Acerca del 'interés general'

Se habla estos días de mercado, de patria y de capital. Casi como si estuviéramos en un momento histórico y convulso de la envergadura de los de 1848 en tantas capitales de Europa. Y de un concepto jurídico indeterminado -el interés general- que debe ser revisado en cuanto a alguno de sus ejes vertebradores. Revisado sin complejos desde los nuevos escenarios europeos e internacionales que hemos venido asumiendo consciente y paulatinamente, propios del modelo del capitalismo del siglo XXI en que nos hallamos y que, por cierto y a pesar de sus efectos perversos, también nos han colocado de manera privilegiada en el escenario global.
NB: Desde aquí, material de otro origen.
lemma U_op_dilation:
  fixes t x :: real
  assumes t: "0 < t" and x: "0 < x"
  shows "U_op a b lam (\<lambda>y. f (t * y)) x = t powr (a + b + lam - 1) * U_op a b lam f (t * x)"
proof -
  define H where "H y = (if 0 < y \<and> y < x then y powr (-a) * f (t * y) / \<bar>x - y\<bar> powr lam else 0)" for y
  define G where "G s = (if 0 < s \<and> s < t * x then s powr (-a) * f s / \<bar>t * x - s\<bar> powr lam else 0)" for s
  have HG: "H (s / t) = t powr (a + lam) * G s" for s
  proof (cases "0 < s \<and> s < t * x")
    case True
    then have "0 < s / t" "s / t < x" using t by (auto simp: field_simps)
    moreover have "\<bar>x - s / t\<bar> powr lam = \<bar>t * x - s\<bar> powr lam / t powr lam"
      using t by (simp add: field_simps abs_div powr_divide)
    moreover have "(s / t) powr (-a) = s powr (-a) * t powr a"
      by (subst powr_divide) (use True t in \<open>auto simp: powr_minus divide_inverse\<close>)
    ultimately have "H (s / t) = (s powr (-a) * t powr a) * f s / (\<bar>t * x - s\<bar> powr lam / t powr lam)"
      using t by (simp add: H_def)
    also have "\<dots> = t powr (a + lam) * G s"
      using True t by (simp add: G_def powr_add field_simps)
    finally show ?thesis .
  next
    case False
    then have "\<not> (0 < s / t \<and> s / t < x)" using t by (auto simp: field_simps)
    then have "H (s / t) = 0" unfolding H_def by (rule if_not_P)
    moreover have "G s = 0" unfolding G_def using False by (rule if_not_P)
    ultimately show ?thesis by simp
  qed
  have "(\<integral>y. H y \<partial>lborel) = \<bar>1 / t\<bar> *\<^sub>R (\<integral>s. H (0 + (1 / t) * s) \<partial>lborel)"
    using t by (intro lborel_integral_real_affine) simp
  also have "\<dots> = t powr (a + lam) / t * (\<integral>s. G s \<partial>lborel)"
    using t by (simp add: HG)
  finally have "x powr (-b) * (\<integral>y. H y \<partial>lborel)
      = (x powr (-b) * (t powr (a + lam) / t)) * (\<integral>s. G s \<partial>lborel)"
    by simp
  also have "x powr (-b) * (t powr (a + lam) / t) = t powr (a + b + lam - 1) * (t * x) powr (-b)"
    using t x by (simp add: powr_mult powr_add powr_diff powr_minus field_simps)
  finally show ?thesis
    unfolding U_op_altdef H_def[symmetric] G_def[symmetric] by (simp only: mult.assoc)
qed

lemma Lp_norm_U_op_dilation:
  assumes "f \<in> borel_measurable borel" and "0 < t" "0 < r"
  shows "Lp_norm r (U_op a b lam (\<lambda>x. f (t * x)))
    = ennreal (t powr (a + b + lam - 1 - 1 / r)) * Lp_norm r (U_op a b lam f)"
  using assms
  by (subst Lp_norm_dilation[where s = "t powr (a + b + lam - 1)" and t = t])
    (auto simp: U_op_dilation powr_diff powr_minus_divide borel_measurable_U_op)

section \<open>The scaling argument\<close>

lemma powr_bounded_imp_exponent_eq_0:
  fixes e M :: real
  assumes bound: "\<And>t. 0 < t \<Longrightarrow> t powr e \<le> M"
  shows "e = 0"
proof (rule ccontr)
  assume "e \<noteq> 0"
  define t where "t = (\<bar>M\<bar> + 1) powr (1 / e)"
  have "0 < t" by (simp add: t_def)
  moreover have "t powr e = \<bar>M\<bar> + 1"
    using \<open>e \<noteq> 0\<close> by (simp add: t_def powr_powr)
  ultimately show False using bound[of t] by linarith
qed

lemma exponent_eq_if_dilation_bound:
  fixes A B :: ennreal and a b K :: real
  assumes "A \<noteq> 0" "B \<noteq> \<infinity>"
    and bound: "\<And>t. 0 < t \<Longrightarrow> ennreal (t powr a) * A \<le> ennreal K * (ennreal (t powr b) * B)"
  shows "a = b"
proof -
  have "A \<noteq> \<infinity>"
    using bound[of 1] \<open>B \<noteq> \<infinity>\<close> by (auto simp: ennreal_mult_eq_top_iff top_unique)
  with assms obtain A' B' where A': "A = ennreal A'" "0 < A'" and B': "B = ennreal B'" "0 \<le> B'"
    by (cases A; cases B) (auto simp: ennreal_eq_0_iff)
  have "t powr (a - b) \<le> max K 0 * B' / A'" if "0 < t" for t
  proof -
    have "ennreal K = ennreal (max K 0)"
      by (cases "K \<le> 0") (auto simp: ennreal_neg)
    then have "ennreal (t powr a * A') \<le> ennreal (max K 0 * (t powr b * B'))"
      using bound[OF that] A' B' by (simp add: ennreal_mult'[symmetric] ennreal_mult[symmetric])
    then have "t powr a * A' \<le> max K 0 * (t powr b * B')"
      using B' by (subst (asm) ennreal_le_iff) auto
    then show ?thesis
      using A' that by (simp add: powr_diff field_simps)
  qed
  then show ?thesis
    using powr_bounded_imp_exponent_eq_0[of "a - b"] by auto
qed

theorem lemma2p1:
  fixes \<alpha> \<beta> lam p q :: real
  assumes "0 < \<alpha>" "\<alpha> < 1" "0 < \<beta>" "\<beta> < 1" "0 < lam" "lam < 1"
    and "\<alpha> + \<beta> + lam < 1"
    and "1 \<le> p" and "1 \<le> q"
    and "\<exists>K::real. \<forall>f \<in> schwartz_Rplus.
           Lp_norm q (U_op \<alpha> \<beta> lam f) \<le> ennreal K * Lp_norm p f"
  shows "1 + 1 / q = 1 / p + \<alpha> + \<beta> + lam"
proof -
  obtain K where K: "\<And>f. f \<in> schwartz_Rplus \<Longrightarrow> Lp_norm q (U_op \<alpha> \<beta> lam f) \<le> ennreal K * Lp_norm p f"
    using assms(10) by blast
  define F :: "real \<Rightarrow> real" where "F x = exp (- x\<^sup>2)" for x
  have [measurable]: "F \<in> borel_measurable borel" unfolding F_def by measurable
  have "\<alpha> + \<beta> + lam - 1 - 1 / q = - 1 / p"
  proof (rule exponent_eq_if_dilation_bound)
    show "Lp_norm q (U_op \<alpha> \<beta> lam F) \<noteq> 0"
      using assms by (intro Lp_norm_neq_0 borel_measurable_U_op less_imp_neq[symmetric] U_op_pos[of _ _ _ _ 1])
        (auto simp: F_def)
    show "Lp_norm p F \<noteq> \<infinity>"
      using Lp_norm_gaussian_less_top[OF \<open>1 \<le> p\<close>] by (simp add: F_def[abs_def])
    fix t :: real assume "0 < t"
    have "(\<lambda>x. F (t * x)) \<in> schwartz_Rplus"
      using gaussian_in_schwartz_Rplus[of "t\<^sup>2"] \<open>0 < t\<close> by (simp add: F_def power_mult_distrib)
    from K[OF this] show "ennreal (t powr (\<alpha> + \<beta> + lam - 1 - 1 / q)) * Lp_norm q (U_op \<alpha> \<beta> lam F)
        \<le> ennreal K * (ennreal (t powr (- 1 / p)) * Lp_norm p F)"
      using \<open>0 < t\<close> assms Lp_norm_U_op_dilation[of F t q \<alpha> \<beta> lam]
        Lp_norm_dilation[where s = 1 and t = t and g = F and r = p] by auto
  qed
  then show ?thesis by (simp add: field_simps)
qed

end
¿Por qué digo revisar? Vayamos por partes. Europa se ha construido a sí misma -todavía casi intacto el dogma de la soberanía nacional de signo no económico, como vamos viendo- en torno a un modelo de mercado que, recordémoslo, no es un modelo ultraliberal incontenido. El mercado interior, mucho más allá de la simple noción de prohibición de toda discriminación o de abolición del trato desigual a personas, sociedades productos o servicios, exige la abolición de toda restricción a la libre circulación, y es una realidad estructural que permite, como espacio abierto que es, la generación de unas economías de escala para todos las empresas, europeas o instaladas en Europa, con potentes resultados económicos. Cualquier disposición o previsión estatal, cualquier medida pública de cualquiera de sus 25 Estados miembros no puede, estructuralmente, desviarse de esta realidad, bajo el deber de "cooperación leal" del artículo 10 del Tratado.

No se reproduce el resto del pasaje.